According to one aspect of the present invention, a striker assembly includes a striker body that is generally cylindrical with both end portions being diametrically reduced. The striker body has a raised annular ring near the forward end of the striker body and a ridge or flange and a circumferential groove near the rear end of the striker body. The striker assembly also includes a coaxial spring, which slides over the rear part of the striker body and abuts the raised annular ring at one end. A spacer is shaped to fit around the striker body and slides over the rear part of the striker body and abuts the ridge. A snap ring slides over the rear part of the striker body until it is held in place by the circumferential groove of the striker body.
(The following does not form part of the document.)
(* Let $r,s,t,u,v$ be non-negative integers with $r+s\ge 1$ and $u+v=4t-2r+4$. Let $G=(r,\,r+s-1,\,t,\,t,\,s+t,\,u)$ and $H=(r,\,r+s-1,\,t,\,t,\,s+t,\,v)$, with interesting factors $g(x)$ and $h(x)$ respectively. Then $$g(x)=-h(-x+2s+6t+4).$$
   Context: All graphs are finite and simple. For integers $1\le j\le k$, a $(j,k)$-biclique is a graph whose vertex set is the disjoint union of a $j$-clique and a $k$-clique, with an arbitrary set of additional edges each joining a vertex of the $j$-clique to a vertex of the $k$-clique. For non-negative integers $a,b,c,d,e,f$, the notation $(a,b,c,d,e,f)$ denotes the $(3,k)$-biclique with $k=a+b+c+d+e+f$, whose $3$-clique is $\{v_1,v_2,v_3\}$, in which every vertex of the $k$-clique is adjacent to exactly one or exactly two of $v_1,v_2,v_3$, and exactly $a$ (resp. $b$, $c$) vertices of the $k$-clique are adjacent to $v_1$ only (resp. $v_2$ only, $v_3$ only), and exactly $d$ (resp. $e$, $f$) vertices of the $k$-clique are adjacent to exactly $v_2$ and $v_3$ (resp. exactly $v_1$ and $v_3$, exactly $v_1$ and $v_2$). This determines the graph up to isomorphism. The interesting factor of a $(3,k)$-biclique $G$ is the cubic polynomial $P_G(x)/(x)_k$, where $P_G$ is the chromatic polynomial and $(x)_k=x(x-1)\cdots(x-k+1)$. *)

theory Defs
  imports "HOL-Library.FuncSet" "HOL-Computational_Algebra.Polynomial"
begin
A cap slides over the rear part of the striker body and the spacer and abuts the other end of the coaxial spring.

FIG. 1 is a simplified schematic side view of a semiautomatic pistol.

FIG. 2 is a simplified schematic side elevation view of the pistol of FIG. 1 shown with the slide moved to a rearward position on the pistol frame.

FIG. 3 is a simplified schematic perspective view of a trigger assembly and a sear assembly portion of a semiautomatic pistol.

FIG. 4 is a simplified schematic side view of a striker assembly provided in accordance with the present invention.

FIG. 5 is an enhanced view of a portion of one end of a simplified schematic side view of the striker assembly of FIG. 4.

FIG. 6 is a simplified schematic exploded side view of the striker assembly of FIG. 4.

FIG. 7 is a simplified schematic rear view of the striker assembly of FIG. 4.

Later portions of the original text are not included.